Authorities say Kevin Coleman should be sent to prison for substantially more than four years when he is sentenced Tuesday in U.S. District Court in Bridgeport. Coleman, of Waseca, Minn., pleaded guilty to wire fraud and tax evasion related to the embezzlement of about $1.7 million from the company.
"He reached a level of importance, prestige and income that very few people reach," Prosecutors wrote in court papers. "But instead of fulfilling responsibilities and obligations to the company's owners and employees, he pillaged Latex to fund an absurdly extravagant lifestyle."
Coleman, 51, used the company's money to buy an emerald cut diamond for a ring for himself valued at about $57,000, and bought a Mercedes convertible for his mistress, prosecutors said.
He fraudulently purchased hundreds of thousands of dollars in merchandise from Louis Vuitton, Nordstrom and other merchants and spent tens of thousands of dollars in travel to St.

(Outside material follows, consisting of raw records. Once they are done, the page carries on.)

lemma fin_dim_complex_space_basis:
  assumes "fin_dim_complex_space scale"
  obtains B where "finite_dimensional_vector_space scale B"
proof -
  interpret vector_space scale using assms unfolding fin_dim_complex_space_def by blast
  obtain S where S: "finite S" "span S = UNIV"
    using assms unfolding fin_dim_complex_space_def by blast
  obtain B where B: "B \<subseteq> S" "independent B" "S \<subseteq> span B"
    using maximal_independent_subset[of S] by blast
  have "span B = UNIV" using span_mono[OF B(3)] S(2) by (auto simp: span_span)
  then have "finite_dimensional_vector_space scale B"
    using B S(1) by unfold_locales (auto intro: finite_subset)
  then show ?thesis by (rule that)
qed

locale superpair_with_form =
  fixes scale :: "complex \<Rightarrow> 'v::ab_group_add \<Rightarrow> 'v"
    and g0 g1 :: "'v set" and br :: "'v \<Rightarrow> 'v \<Rightarrow> 'v" and \<theta> :: "'v \<Rightarrow> 'v"
    and b :: "'v \<Rightarrow> 'v \<Rightarrow> complex"
  assumes superpair: "symmetric_superpair scale g0 g1 br \<theta>"
    and form: "good_form scale g0 g1 br \<theta> b"
begin

sublocale vector_space scale
  using superpair unfolding symmetric_superpair_def lie_superalgebra_def fin_dim_complex_space_def
  by blast

lemma finite_dimensional: obtains B where "finite_dimensional_vector_space scale B"
proof -
  have "fin_dim_complex_space scale"
    using superpair unfolding symmetric_superpair_def lie_superalgebra_def by blast
  then show ?thesis using fin_dim_complex_space_basis that by blast
qed

lemma superalgebra_facts:
  shows g1_subspace: "subspace g1"
    and even_odd_decomposition: "\<exists>a\<in>g0. \<exists>c\<in>g1. v = a + c"
    and bracket_linear: "Vector_Spaces.linear scale scale (br x)"
    and bracket_linear_left: "Vector_Spaces.linear scale scale (\<lambda>x. br x y)"
    and bracket_even_odd: "x \<in> g0 \<Longrightarrow> y \<in> g1 \<Longrightarrow> br x y \<in> g1"
    and bracket_even_odd_antisym: "x \<in> g0 \<Longrightarrow> y \<in> g1 \<Longrightarrow> br x y = - br y x"
proof -
  have ls: "lie_superalgebra scale g0 g1 br"
    using superpair unfolding symmetric_superpair_def by blast
  then show "subspace g1" "\<exists>a\<in>g0. \<exists>c\<in>g1. v = a + c" "Vector_Spaces.linear scale scale (br x)"
      "Vector_Spaces.linear scale scale (\<lambda>x. br x y)"
    unfolding lie_superalgebra_def by blast+
  have grading: "\<And>i j x y. x \<in> grd g0 g1 i \<Longrightarrow> y \<in> grd g0 g1 j \<Longrightarrow> br x y \<in> grd g0 g1 (i \<noteq> j)"
    and skew: "\<And>i j x y. x \<in> grd g0 g1 i \<Longrightarrow> y \<in> grd g0 g1 j \<Longrightarrow>
      br x y = scale (- psign i j) (br y x)"
    using ls unfolding lie_superalgebra_def by blast+
  show "x \<in> g0 \<Longrightarrow> y \<in> g1 \<Longrightarrow> br x y \<in> g1"
    using grading[of x False y True] by (simp add: grd_def)
  show "x \<in> g0 \<Longrightarrow> y \<in> g1 \<Longrightarrow> br x y = - br y x"
    using skew[of x False y True] by (simp add: grd_def psign_def scale_minus_left)
qed

lemma involution_facts:
  shows theta_linear: "Vector_Spaces.linear scale scale \<theta>"
    and theta_bracket: "\<theta> (br x y) = br (\<theta> x) (\<theta> y)"
    and theta_odd: "y \<in> g1 \<Longrightarrow> \<theta> y \<in> g1"
    and theta_theta: "\<theta> (\<theta> y) = y"
  using superpair unfolding symmetric_superpair_def even_involution_def by blast+

lemma form_facts:
  shows form_linear_left: "Vector_Spaces.linear scale (*) (\<lambda>u. b u z)"
    and form_linear_right: "Vector_Spaces.linear scale (*) (b u)"
    and form_nondegenerate: "(\<And>w. b u w = 0) \<Longrightarrow> u = 0"
    and form_odd_even: "u \<in> g1 \<Longrightarrow> a \<in> g0 \<Longrightarrow> b u a = 0"
    and form_invariant: "b (br u v) w = b u (br v w)"
    and form_theta: "b (\<theta> u) (\<theta> v) = b u v"
proof -
  have "\<forall>u. Vector_Spaces.linear scale (*) (b u)" "\<forall>z. Vector_Spaces.linear scale (*) (\<lambda>u. b u z)"
    "\<forall>u. (\<forall>w. b u w = 0) \<longrightarrow> u = 0" "\<forall>a\<in>g0. \<forall>u\<in>g1. b a u = 0 \<and> b u a = 0"
    "\<forall>u v w. b (br u v) w = b u (br v w)" "\<forall>u v. b (\<theta> u) (\<theta> v) = b u v"
    using form unfolding good_form_def by blast+
  then show "Vector_Spaces.linear scale (*) (\<lambda>u. b u z)" "Vector_Spaces.linear scale (*) (b u)"
    "(\<And>w. b u w = 0) \<Longrightarrow> u = 0" "u \<in> g1 \<Longrightarrow> a \<in> g0 \<Longrightarrow> b u a = 0"
    "b (br u v) w = b u (br v w)" "b (\<theta> u) (\<theta> v) = b u v"
    by blast+
qed

abbreviation k1 :: "'v set" where "k1 \<equiv> kpart \<theta> \<inter> g1"
abbreviation p1 :: "'v set" where "p1 \<equiv> ppart \<theta> \<inter> g1"

lemma eigenspaces_subspace: "subspace k1" "subspace p1"
  using g1_subspace unfolding kpart_def ppart_def subspace_def
  by (auto simp: linear_hom_add[OF theta_linear] linear_hom_scale[OF theta_linear]
      linear_hom_zero[OF theta_linear] scale_minus_right)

Martin and Europe, authorities said.
Authorities say the crime stemmed from greed, noting that Coleman was making between $359,000 and $460,000 at the time.
"That was not enough for Coleman," prosecutors wrote. "And in fact, it is hard to purchase hundreds of thousands in jewelry and to support a mistress in London with that salary."
Joanne Osmolik, who was vice president for human resources at Latex, was sentenced in April to four years in prison for embezzling about $1.7 million from the company.
Latex laid off 43 employees, closed a plant in England and suspended the 401K plan for employees in an effort to survive the financial impact of the fraud by the pair, prosecutors said.
Coleman's attorney is seeking a sentence of no more than four years, saying Coleman promptly accepted responsibility for what he called self-indulgent and reckless behavior fueled by rampant alcohol and drug abuse. Coleman's stepfather was an alcoholic who routinely beat Coleman, his attorney said.
"While his difficult upbringing and his addictions do not fully explain his conduct, they do shed some light on the impulsive and irresponsible actions that gave rise to the charges in this case," wrote his attorney, Robert M. Frost Jr.
Coleman has undergone treatment and has been sober for six months, Frost said.
"He stands before this court deeply remorseful and he has a better understanding what caused him to engage in such reckless conduct," Frost wrote.
Coleman disagreed with the company's claimed effects of the embezzlement.
"At the end of the day, when all is said and done, Mr. Coleman will have lost two jobs, his corporate investment in Latex, his reputation, his friends, his wife of 30 years and he will be obligated to make restitution payments for the rest of his life," Frost wrote.